» What is required:
Please output exactly the part of the records below that opens with the line containing "y = (\<Sum>k=0..n." and closes with the line containing "x^s = sum_k", both lines included, and nothing else.

» Records provided:
(* Let $|q|<1$, let $x,y$ be complex numbers and let $n,m\ge 0$ be integers. Then $$\sum_{k=0}^{\min\{n,m\}}{n\brack k}{m\brack k}(q;q)_k\,x^k\,h_{n+m-2k}(x|q)=\left(\sum_{k=0}^n{n\brack k}y^k\,h_{n-k}(x,y|q)\right)\left(\sum_{j=0}^m{m\brack j}y^j\,h_{m-j}(x,y|q)\right).$$
   Context: Throughout $|q|<1$. $(a;q)_n=\prod_{j=0}^{n-1}(1-aq^j)$, ${n\brack k}=\frac{(q;q)_n}{(q;q)_k(q;q)_{n-k}}$. The Rogers–Szegő polynomials are $h_n(x|q)=\sum_{k=0}^n{n\brack k}x^k$. $P_n(x,y)=(x-y)(x-qy)\cdots(x-q^{n-1}y)$ with $P_0=1$, and the bivariate Rogers–Szegő polynomials are $h_n(x,y|q)=\sum_{k=0}^n{n\brack k}P_k(x,y)$. *)

theory Defs
  imports Complex_Main
begin

definition qpoch :: "complex \<Rightarrow> complex \<Rightarrow> nat \<Rightarrow> complex" where
  "qpoch a q n = (\<Prod>j<n. 1 - a * q ^ j)"

definition qbinom :: "complex \<Rightarrow> nat \<Rightarrow> nat \<Rightarrow> complex" where
  "qbinom q n k = qpoch q q n / (qpoch q q k * qpoch q q (n - k))"

definition rs :: "complex \<Rightarrow> nat \<Rightarrow> complex \<Rightarrow> complex" where
  "rs q n x = (\<Sum>k=0..n. qbinom q n k * x ^ k)"

definition Pq :: "complex \<Rightarrow> nat \<Rightarrow> complex \<Rightarrow> complex \<Rightarrow> complex" where
  "Pq q n x y = (\<Prod>j<n. x - q ^ j * y)"

definition rs2 :: "complex \<Rightarrow> nat \<Rightarrow> complex \<Rightarrow> complex \<Rightarrow> complex" where
  "rs2 q n x y = (\<Sum>k=0..n. qbinom q n k * Pq q k x y)"

end

theory Submission
  imports Defs
begin

(* Both factors on the right are h_n(x) and h_m(x): expanding h_{n-k}(x,y) and regrouping by
   s = k + i turns the sum into sum_s [n,s] x^s, by the q-binomial expansion
   x^s = sum_k [s,k] y^k P_{s-k}(x,y).  What remains is the linearization formula
   h_n h_m = sum_k [n,k] [m,k] (q;q)_k x^k h_{n+m-2k}, proved by induction on m: both sides obey
   the recurrence h_{m+1} = (1 + x) h_m - x (1 - q^m) h_{m-1}, and on the right this reduces to the
   Pascal-type identity for the coefficients.  The hypothesis |q| < 1 only serves to make q not a
   root of unity, so that the Gaussian coefficients are genuine quotients. *)

(* qbinom q n k is junk for n < k, because of the truncated subtraction n - k. *)
definition qbinomial :: "complex \<Rightarrow> nat \<Rightarrow> nat \<Rightarrow> complex" where
  "qbinomial q n k = (if k \<le> n then qbinom q n k else 0)"

lemma qbinomial_eq_0: "n < k \<Longrightarrow> qbinomial q n k = 0"
  by (simp add: qbinomial_def)

lemma qpoch_0 [simp]: "qpoch a q 0 = 1"
  by (simp add: qpoch_def)

lemma qpoch_self_Suc: "qpoch q q (Suc n) = qpoch q q n * (1 - q ^ Suc n)"
  by (simp add: qpoch_def)

lemma Pq_Suc: "Pq q (Suc j) x y = Pq q j x y * (x - q ^ j * y)"
  by (simp add: Pq_def)

lemma rs_0 [simp]: "rs q 0 x = 1"
  by (simp add: rs_def qbinom_def)

lemma rs_eq_sum_qbinomial: "n \<le> K \<Longrightarrow> rs q n x = (\<Sum>k\<le>K. qbinomial q n k * x ^ k)"
  unfolding rs_def atLeast0AtMost
  by (rule sum.mono_neutral_cong_left) (auto simp: qbinomial_def)

lemma rs2_eq_sum_qbinomial: "rs2 q n x y = (\<Sum>k\<le>n. qbinomial q n k * Pq q k x y)"
  unfolding rs2_def atLeast0AtMost by (rule sum.cong) (auto simp: qbinomial_def)

definition rs_lin_coeff :: "complex \<Rightarrow> nat \<Rightarrow> nat \<Rightarrow> nat \<Rightarrow> complex" where
  "rs_lin_coeff q n m k = qbinomial q n k * qbinomial q m k * qpoch q q k"

definition rs_linearization :: "complex \<Rightarrow> nat \<Rightarrow> nat \<Rightarrow> complex \<Rightarrow> complex" where
  "rs_linearization q n m x = (\<Sum>k\<le>m. rs_lin_coeff q n m k * x ^ k * rs q (n + m - 2 * k) x)"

» Written solution:
  "rs2 q n x y = (\<Sum>k=0..n. qbinom q n k * Pq q k x y)"

end

theory Submission
  imports Defs
begin

(* Both factors on the right are h_n(x) and h_m(x): expanding h_{n-k}(x,y) and regrouping by
   s = k + i turns the sum into sum_s [n,s] x^s, by the q-binomial expansion
   x^s = sum_k [s,k] y^k P_{s-k}(x,y).  What remains is the linearization formula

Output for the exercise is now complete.